Внешний повод к нему был такой. Святой Игна­тий по дороге в Рим, достигнув Смирны, окружен­ный проявлениями нежности и внимания малоазийс­ких христиан, стал опасаться, что и римские христи­ане его пожалеют — окажут ему, как он выражается, «неблаговременную» любовь и воспрепятствуют тем или иным путем его мученической смерти.

Это опасение принудило его вскрыть тайники сво­ей души. Оно нам обнажило, чем жило сердце, созрев­шее для мученического подвига. Пока святого Игна­тия чествовали как мученика, превозносили за его подвиг, он, смиряясь все больше, обнаруживал опасе­ния, — готов ли он на мученическую смерть, достоин ли, просил молитв... Но когда он почувствовал, что Бог его призывает, а люди делаются препятствием, то, как бурный поток, он устремился к своей цели. «Жи­вой пишу вам, горя желанием умереть. Моя Любовь распялась, и нет во мне огня, любящего вещество, но вода живая, говорящая во мне, взывает мне изнутри: «иди ко Отцу» (Смирнянам. 7). Этот призыв Духа Божия сделал ему вожделенным всё то, чем думала языческая власть положить предел христианству: «Огонь и крест, толпы зверей, рассечения, расторже­ния, раздробления костей, сокрушение всего тела, лю­тые муки диавола пусть придут на меня — только бы достигнуть мне Христа» (Смирнянам. 5).
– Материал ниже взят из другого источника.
lemma hs_inner_diff_right: "hs_inner N Z (\<lambda>i k. X i k - Y i k) = hs_inner N Z X - hs_inner N Z Y"
  unfolding hs_inner_def by (simp add: algebra_simps sum_subtractf)

lemma hs_inner_scale_left: "hs_inner N (\<lambda>i k. of_real t * X i k) Y = t * hs_inner N X Y"
  unfolding hs_inner_def by (simp add: sum_distrib_left algebra_simps)

lemma hs_inner_scale_right: "hs_inner N X (\<lambda>i k. of_real t * Y i k) = t * hs_inner N X Y"
  unfolding hs_inner_def by (simp add: sum_distrib_left algebra_simps)

lemma hs_inner_segment_left:
  "hs_inner N (\<lambda>i k. A i k + of_real s * (B i k - A i k)) Y
     = hs_inner N A Y + s * (hs_inner N B Y - hs_inner N A Y)"
  unfolding hs_inner_def
  by (simp add: sum_distrib_left algebra_simps sum.distrib sum_subtractf)

lemma hs_inner_sum_right: "hs_inner N X (\<lambda>i k. \<Sum>j\<in>A. Y j i k) = (\<Sum>j\<in>A. hs_inner N X (Y j))"
  unfolding hs_inner_def by (simp add: sum_distrib_left sum.swap[of _ A] Re_sum)

lemma hs_inner_fam_sum_left: "hs_inner N (fam_sum M \<Phi>) Z = (\<Sum>m<M. hs_inner N (\<Phi> m) Z)"
  unfolding hs_inner_def fam_sum_def
  by (simp add: sum_distrib_right sum.swap[of _ "{..<M}"] Re_sum)

lemma hs_inner_ident_right: "hs_inner N X (ident N) = Re (trace N X)"
proof -
  have "(\<Sum>j<N. X i j * ident N j i) = X i i" if "i < N" for i
  proof -
    have "(\<Sum>j<N. X i j * ident N j i) = (\<Sum>j\<in>{i}. X i j * ident N j i)"
      by (rule sum.mono_neutral_right) (use that in \<open>auto simp: ident_def\<close>)
    then show ?thesis using that by (simp add: ident_def)
  qed
  then show ?thesis unfolding hs_inner_def trace_def by simp
qed
lemma cyclic_order_swap: "distinct [i, j, k] \<Longrightarrow> cyclic_order k j i \<longleftrightarrow> \<not> cyclic_order i j k"
  unfolding cyclic_order_def by auto

lemma arrow_crossing_reverse: "distinct [t, h, a, b] \<Longrightarrow> arrow_crossing h t a b = - arrow_crossing t h a b"
  unfolding arrow_crossing_def using cyclic_order_swap[of t a h] cyclic_order_swap[of t b h] by auto

lemma arrow_crossing_reverse_crossing: "arrow_crossing t h b a = - arrow_crossing t h a b"
  unfolding arrow_crossing_def by auto

lemma cyclic_order_adjacent:
  assumes "x \<in> {P, Suc P}" "x' \<in> {P, Suc P}" "i \<notin> {P, Suc P}" "j \<notin> {P, Suc P}"
  shows "cyclic_order i x j = cyclic_order i x' j" "cyclic_order x i j = cyclic_order x' i j"
    "cyclic_order i j x = cyclic_order i j x'"
proof -
  have less: "(x < y \<longleftrightarrow> P < y) \<and> (y < x \<longleftrightarrow> y < P)" if "x \<in> {P, Suc P}" "y \<notin> {P, Suc P}" for x y
    using that by auto
  show "cyclic_order i x j = cyclic_order i x' j" "cyclic_order x i j = cyclic_order x' i j"
    "cyclic_order i j x = cyclic_order i j x'"
    unfolding cyclic_order_def using less[OF assms(1)] less[OF assms(2)] assms(3,4) by simp_all
qed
Ничтожны оказались все орудия борьбы язычества, все его ужасы оказались лишь путем к Богу. Что могли сделать они христианам, которые подобны святому Игнатию? Уже не врагам, а друзьям пишет он свою просьбу: «Умоляю вас, не оказывайте мне неблаговре­менной любви. Оставьте меня быть пищей зверей и посредством их достигнуть Бога. Я пшеница Божия: пусть измелят меня зубы зверей, чтобы я сделался чистым хлебом Христовым... О, если бы не лишиться мне приготовленных для меня зверей! Молюсь, чтобы они с жадностью бросились на меня. Я заманю их, чтобы они тотчас же пожрали меня, а не так, как они некоторых побоялись и не тронули. Если же добро­вольно не захотят, я их принужу. Простите мне: я знаю, что мне полезно. Теперь только начинаю быть учеником. Ни видимое, ни невидимое, ничто не удер­жит меня прийти ко Иисусу Христу» (Смирнянам. 5, 6). «Дайте мне быть подражателем страданий Бога мо­его. Кто сам имеет Его в себе, тот пусть поймет, чего я желаю» (Смирнянам. 6). Язычники удивлялись, видя радость на лицах замученных и умиравших христиан. Послание святого Игнатия приоткрывает, чему радова­лись его собратия, почему шли на смерть победителя­ми. «Лучше мне умереть за Иисуса Христа, нежели царствовать над всею землей. Его ищу, за нас умерше­го. Его желаю, за нас воскресшего» (Смирнянам. 6). Святой Поликарп, современник и друг святого Игна­тия, выражает кратко сущность дела, когда пишет филиппийцам о святом Игнатии и ему подобных: «Они не нынешний век возлюбили, но Того, Кто за нас умер, и за нас Воскресшего Бога» (Филиппийцам. 9).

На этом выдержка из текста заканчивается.